<<<<

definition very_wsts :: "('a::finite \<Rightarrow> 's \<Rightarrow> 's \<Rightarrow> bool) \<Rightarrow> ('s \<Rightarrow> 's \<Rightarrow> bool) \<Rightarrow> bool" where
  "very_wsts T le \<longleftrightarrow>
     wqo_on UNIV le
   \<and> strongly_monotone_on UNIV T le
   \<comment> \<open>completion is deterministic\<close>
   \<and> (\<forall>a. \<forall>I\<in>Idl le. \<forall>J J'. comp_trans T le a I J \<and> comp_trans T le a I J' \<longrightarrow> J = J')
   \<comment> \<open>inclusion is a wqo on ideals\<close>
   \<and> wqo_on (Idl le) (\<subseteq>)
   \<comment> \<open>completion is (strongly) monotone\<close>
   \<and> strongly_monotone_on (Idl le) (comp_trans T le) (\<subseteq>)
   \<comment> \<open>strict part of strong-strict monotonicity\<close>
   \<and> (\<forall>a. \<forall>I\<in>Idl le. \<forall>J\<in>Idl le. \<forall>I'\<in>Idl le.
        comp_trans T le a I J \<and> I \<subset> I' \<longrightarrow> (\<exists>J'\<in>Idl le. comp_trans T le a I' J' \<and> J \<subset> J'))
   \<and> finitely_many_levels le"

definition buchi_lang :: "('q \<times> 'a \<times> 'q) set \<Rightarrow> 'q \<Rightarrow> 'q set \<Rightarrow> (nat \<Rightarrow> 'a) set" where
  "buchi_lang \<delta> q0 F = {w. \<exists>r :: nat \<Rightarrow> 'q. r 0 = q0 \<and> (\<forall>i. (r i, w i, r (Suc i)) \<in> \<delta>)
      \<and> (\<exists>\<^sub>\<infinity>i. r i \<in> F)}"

>>>>

→ Work required
Output the full listing without altering anything.

→ Task answer
definition very_wsts :: "('a::finite \<Rightarrow> 's \<Rightarrow> 's \<Rightarrow> bool) \<Rightarrow> ('s \<Rightarrow> 's \<Rightarrow> bool) \<Rightarrow> bool" where
  "very_wsts T le \<longleftrightarrow>
     wqo_on UNIV le
   \<and> strongly_monotone_on UNIV T le
   \<comment> \<open>completion is deterministic\<close>
   \<and> (\<forall>a. \<forall>I\<in>Idl le. \<forall>J J'. comp_trans T le a I J \<and> comp_trans T le a I J' \<longrightarrow> J = J')
   \<comment> \<open>inclusion is a wqo on ideals\<close>
   \<and> wqo_on (Idl le) (\<subseteq>)
   \<comment> \<open>completion is (strongly) monotone\<close>
   \<and> strongly_monotone_on (Idl le) (comp_trans T le) (\<subseteq>)
   \<comment> \<open>strict part of strong-strict monotonicity\<close>
   \<and> (\<forall>a. \<forall>I\<in>Idl le. \<forall>J\<in>Idl le. \<forall>I'\<in>Idl le.
        comp_trans T le a I J \<and> I \<subset> I' \<longrightarrow> (\<exists>J'\<in>Idl le. comp_trans T le a I' J' \<and> J \<subset> J'))
   \<and> finitely_many_levels le"

definition buchi_lang :: "('q \<times> 'a \<times> 'q) set \<Rightarrow> 'q \<Rightarrow> 'q set \<Rightarrow> (nat \<Rightarrow> 'a) set" where
  "buchi_lang \<delta> q0 F = {w. \<exists>r :: nat \<Rightarrow> 'q. r 0 = q0 \<and> (\<forall>i. (r i, w i, r (Suc i)) \<in> \<delta>)
      \<and> (\<exists>\<^sub>\<infinity>i. r i \<in> F)}"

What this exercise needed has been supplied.